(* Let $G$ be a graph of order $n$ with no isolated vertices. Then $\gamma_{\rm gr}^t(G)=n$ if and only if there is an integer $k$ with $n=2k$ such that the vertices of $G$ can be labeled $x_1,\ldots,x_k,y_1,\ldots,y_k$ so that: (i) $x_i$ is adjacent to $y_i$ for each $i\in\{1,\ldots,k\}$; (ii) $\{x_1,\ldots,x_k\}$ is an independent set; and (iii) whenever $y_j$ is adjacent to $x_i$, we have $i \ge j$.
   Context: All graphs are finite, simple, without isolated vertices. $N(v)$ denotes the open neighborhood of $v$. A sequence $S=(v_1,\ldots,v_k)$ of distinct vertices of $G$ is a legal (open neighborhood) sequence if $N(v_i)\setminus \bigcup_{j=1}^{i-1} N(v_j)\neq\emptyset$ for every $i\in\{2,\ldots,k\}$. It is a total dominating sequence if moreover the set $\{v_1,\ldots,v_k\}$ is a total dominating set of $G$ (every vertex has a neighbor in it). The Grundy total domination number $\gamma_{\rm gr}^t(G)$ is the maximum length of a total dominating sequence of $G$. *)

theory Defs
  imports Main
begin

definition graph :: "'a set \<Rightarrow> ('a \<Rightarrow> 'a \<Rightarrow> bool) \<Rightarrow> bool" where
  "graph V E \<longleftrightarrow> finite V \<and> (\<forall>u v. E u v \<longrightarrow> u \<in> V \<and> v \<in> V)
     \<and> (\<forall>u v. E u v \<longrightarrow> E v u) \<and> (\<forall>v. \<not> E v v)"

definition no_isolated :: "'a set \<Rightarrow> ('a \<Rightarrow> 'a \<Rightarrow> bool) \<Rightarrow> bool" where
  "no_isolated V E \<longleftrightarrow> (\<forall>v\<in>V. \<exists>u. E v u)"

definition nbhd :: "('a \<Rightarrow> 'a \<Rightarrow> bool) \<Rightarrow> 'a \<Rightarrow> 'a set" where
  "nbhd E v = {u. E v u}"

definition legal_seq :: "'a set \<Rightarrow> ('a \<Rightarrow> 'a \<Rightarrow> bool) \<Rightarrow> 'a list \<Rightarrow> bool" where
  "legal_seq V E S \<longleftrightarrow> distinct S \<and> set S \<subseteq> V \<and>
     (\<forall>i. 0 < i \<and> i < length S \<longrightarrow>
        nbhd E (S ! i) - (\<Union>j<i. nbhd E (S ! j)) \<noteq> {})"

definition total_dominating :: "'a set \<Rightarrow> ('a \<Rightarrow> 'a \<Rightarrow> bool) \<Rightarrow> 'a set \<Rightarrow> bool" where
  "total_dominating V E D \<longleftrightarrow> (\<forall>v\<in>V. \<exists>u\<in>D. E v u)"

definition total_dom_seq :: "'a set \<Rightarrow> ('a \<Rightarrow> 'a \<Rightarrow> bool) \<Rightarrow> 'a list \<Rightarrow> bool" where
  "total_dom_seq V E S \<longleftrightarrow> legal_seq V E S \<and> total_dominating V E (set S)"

==

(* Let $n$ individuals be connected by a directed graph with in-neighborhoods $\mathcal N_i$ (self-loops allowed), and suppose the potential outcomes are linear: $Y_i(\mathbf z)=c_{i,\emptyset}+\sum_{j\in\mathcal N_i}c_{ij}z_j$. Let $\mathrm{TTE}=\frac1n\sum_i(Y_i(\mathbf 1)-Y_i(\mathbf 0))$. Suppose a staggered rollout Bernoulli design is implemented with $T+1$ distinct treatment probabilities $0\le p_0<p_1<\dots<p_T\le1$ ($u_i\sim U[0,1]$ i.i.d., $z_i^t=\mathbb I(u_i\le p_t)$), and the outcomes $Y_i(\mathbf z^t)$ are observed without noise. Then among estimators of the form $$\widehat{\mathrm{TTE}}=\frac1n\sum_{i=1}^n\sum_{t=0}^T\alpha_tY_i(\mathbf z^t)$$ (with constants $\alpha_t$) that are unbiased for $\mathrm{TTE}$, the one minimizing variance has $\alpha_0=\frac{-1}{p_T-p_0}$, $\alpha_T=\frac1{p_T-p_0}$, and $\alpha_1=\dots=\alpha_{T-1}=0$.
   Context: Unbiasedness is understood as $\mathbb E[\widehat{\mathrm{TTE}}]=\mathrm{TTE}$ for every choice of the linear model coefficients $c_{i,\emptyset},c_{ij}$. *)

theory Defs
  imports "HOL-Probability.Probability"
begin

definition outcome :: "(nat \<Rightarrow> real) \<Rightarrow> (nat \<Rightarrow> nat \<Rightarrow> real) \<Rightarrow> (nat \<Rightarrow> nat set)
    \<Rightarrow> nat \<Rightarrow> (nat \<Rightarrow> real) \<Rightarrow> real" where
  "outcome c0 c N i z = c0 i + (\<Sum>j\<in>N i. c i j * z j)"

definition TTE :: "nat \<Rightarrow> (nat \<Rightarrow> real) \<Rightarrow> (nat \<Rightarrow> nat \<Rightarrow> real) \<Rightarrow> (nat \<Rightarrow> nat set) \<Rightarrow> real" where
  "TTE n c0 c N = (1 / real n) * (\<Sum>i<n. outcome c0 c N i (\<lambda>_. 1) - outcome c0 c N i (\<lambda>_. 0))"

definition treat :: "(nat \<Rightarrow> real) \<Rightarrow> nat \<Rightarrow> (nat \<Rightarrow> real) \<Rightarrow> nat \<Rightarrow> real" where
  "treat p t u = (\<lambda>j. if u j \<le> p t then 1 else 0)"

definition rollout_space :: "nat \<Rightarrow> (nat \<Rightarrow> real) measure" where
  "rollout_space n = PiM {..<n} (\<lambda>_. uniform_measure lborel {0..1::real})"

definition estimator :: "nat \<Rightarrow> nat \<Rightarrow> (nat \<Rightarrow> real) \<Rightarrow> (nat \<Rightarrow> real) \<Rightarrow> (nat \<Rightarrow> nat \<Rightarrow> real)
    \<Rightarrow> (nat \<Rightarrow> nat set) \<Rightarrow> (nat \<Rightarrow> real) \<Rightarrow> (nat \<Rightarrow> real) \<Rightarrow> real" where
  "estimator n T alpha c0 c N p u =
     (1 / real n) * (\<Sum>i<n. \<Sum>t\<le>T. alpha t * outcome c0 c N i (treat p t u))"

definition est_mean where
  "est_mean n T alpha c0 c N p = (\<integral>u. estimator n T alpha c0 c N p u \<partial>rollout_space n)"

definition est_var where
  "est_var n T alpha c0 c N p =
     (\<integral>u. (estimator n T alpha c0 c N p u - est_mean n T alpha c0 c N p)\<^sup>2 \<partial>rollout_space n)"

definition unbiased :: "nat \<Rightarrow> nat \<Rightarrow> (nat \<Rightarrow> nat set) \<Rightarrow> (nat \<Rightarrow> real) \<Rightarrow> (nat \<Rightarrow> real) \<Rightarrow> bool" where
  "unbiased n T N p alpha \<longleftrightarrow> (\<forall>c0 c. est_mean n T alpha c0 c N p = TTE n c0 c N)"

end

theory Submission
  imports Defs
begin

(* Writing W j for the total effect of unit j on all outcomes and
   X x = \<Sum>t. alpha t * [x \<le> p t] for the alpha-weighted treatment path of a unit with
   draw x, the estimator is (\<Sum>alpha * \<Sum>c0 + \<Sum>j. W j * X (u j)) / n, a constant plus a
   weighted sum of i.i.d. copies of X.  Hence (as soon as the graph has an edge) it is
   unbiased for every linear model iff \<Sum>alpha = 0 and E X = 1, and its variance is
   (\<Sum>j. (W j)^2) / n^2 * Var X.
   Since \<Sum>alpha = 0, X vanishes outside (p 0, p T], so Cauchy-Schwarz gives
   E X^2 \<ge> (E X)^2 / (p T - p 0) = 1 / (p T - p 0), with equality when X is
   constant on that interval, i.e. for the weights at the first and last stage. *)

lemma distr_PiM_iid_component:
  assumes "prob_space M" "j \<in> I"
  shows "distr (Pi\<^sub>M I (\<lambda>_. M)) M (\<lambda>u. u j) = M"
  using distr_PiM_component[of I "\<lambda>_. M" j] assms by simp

▸ Your assignment
Would you output, from the records above, exactly the run of lines that starts at the line containing "(* Let $G$ be" and ends at the line containing "v \<longrightarrow> E", and only that run?

▸ Response to this task
(* Let $G$ be a graph of order $n$ with no isolated vertices. Then $\gamma_{\rm gr}^t(G)=n$ if and only if there is an integer $k$ with $n=2k$ such that the vertices of $G$ can be labeled $x_1,\ldots,x_k,y_1,\ldots,y_k$ so that: (i) $x_i$ is adjacent to $y_i$ for each $i\in\{1,\ldots,k\}$; (ii) $\{x_1,\ldots,x_k\}$ is an independent set; and (iii) whenever $y_j$ is adjacent to $x_i$, we have $i \ge j$.
   Context: All graphs are finite, simple, without isolated vertices. $N(v)$ denotes the open neighborhood of $v$. A sequence $S=(v_1,\ldots,v_k)$ of distinct vertices of $G$ is a legal (open neighborhood) sequence if $N(v_i)\setminus \bigcup_{j=1}^{i-1} N(v_j)\neq\emptyset$ for every $i\in\{2,\ldots,k\}$. It is a total dominating sequence if moreover the set $\{v_1,\ldots,v_k\}$ is a total dominating set of $G$ (every vertex has a neighbor in it). The Grundy total domination number $\gamma_{\rm gr}^t(G)$ is the maximum length of a total dominating sequence of $G$. *)

theory Defs
  imports Main
begin

definition graph :: "'a set \<Rightarrow> ('a \<Rightarrow> 'a \<Rightarrow> bool) \<Rightarrow> bool" where
  "graph V E \<longleftrightarrow> finite V \<and> (\<forall>u v. E u v \<longrightarrow> u \<in> V \<and> v \<in> V)
     \<and> (\<forall>u v. E u v \<longrightarrow> E v u) \<and> (\<forall>v. \<not> E v v)"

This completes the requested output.